[Start of section]

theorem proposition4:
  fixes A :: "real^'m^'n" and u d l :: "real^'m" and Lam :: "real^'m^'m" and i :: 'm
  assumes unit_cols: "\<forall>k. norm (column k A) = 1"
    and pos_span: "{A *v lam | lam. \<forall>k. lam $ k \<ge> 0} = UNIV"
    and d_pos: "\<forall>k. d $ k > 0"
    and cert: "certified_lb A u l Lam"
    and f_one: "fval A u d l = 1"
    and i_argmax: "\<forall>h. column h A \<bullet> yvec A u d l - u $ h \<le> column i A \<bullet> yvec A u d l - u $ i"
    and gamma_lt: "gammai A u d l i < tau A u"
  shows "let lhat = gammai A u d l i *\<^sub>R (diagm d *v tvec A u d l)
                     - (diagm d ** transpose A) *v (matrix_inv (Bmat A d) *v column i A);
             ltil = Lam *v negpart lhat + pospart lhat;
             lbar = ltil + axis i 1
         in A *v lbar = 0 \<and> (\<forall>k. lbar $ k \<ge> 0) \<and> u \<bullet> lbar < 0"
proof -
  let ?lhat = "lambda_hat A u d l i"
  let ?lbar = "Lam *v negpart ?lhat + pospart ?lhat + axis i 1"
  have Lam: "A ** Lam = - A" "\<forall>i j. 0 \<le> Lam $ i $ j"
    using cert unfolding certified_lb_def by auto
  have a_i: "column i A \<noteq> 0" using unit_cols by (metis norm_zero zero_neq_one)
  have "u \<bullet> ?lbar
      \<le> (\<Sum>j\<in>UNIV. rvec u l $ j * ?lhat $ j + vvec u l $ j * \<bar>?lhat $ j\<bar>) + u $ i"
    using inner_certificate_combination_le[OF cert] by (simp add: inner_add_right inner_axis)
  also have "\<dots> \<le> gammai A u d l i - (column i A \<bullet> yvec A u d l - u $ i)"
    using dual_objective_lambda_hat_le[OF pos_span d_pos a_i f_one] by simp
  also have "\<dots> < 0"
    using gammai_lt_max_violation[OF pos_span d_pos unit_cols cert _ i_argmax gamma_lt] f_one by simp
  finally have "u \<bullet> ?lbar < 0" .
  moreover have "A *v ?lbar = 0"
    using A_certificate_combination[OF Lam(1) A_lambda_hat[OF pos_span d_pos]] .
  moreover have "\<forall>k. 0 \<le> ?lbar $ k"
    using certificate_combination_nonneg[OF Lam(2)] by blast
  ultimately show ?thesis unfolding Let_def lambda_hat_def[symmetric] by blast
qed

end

[End of section]

Work to be completed>
Using the data above, count the lines where "UNIV" appears. Reply with the number only.

Exercise result>
2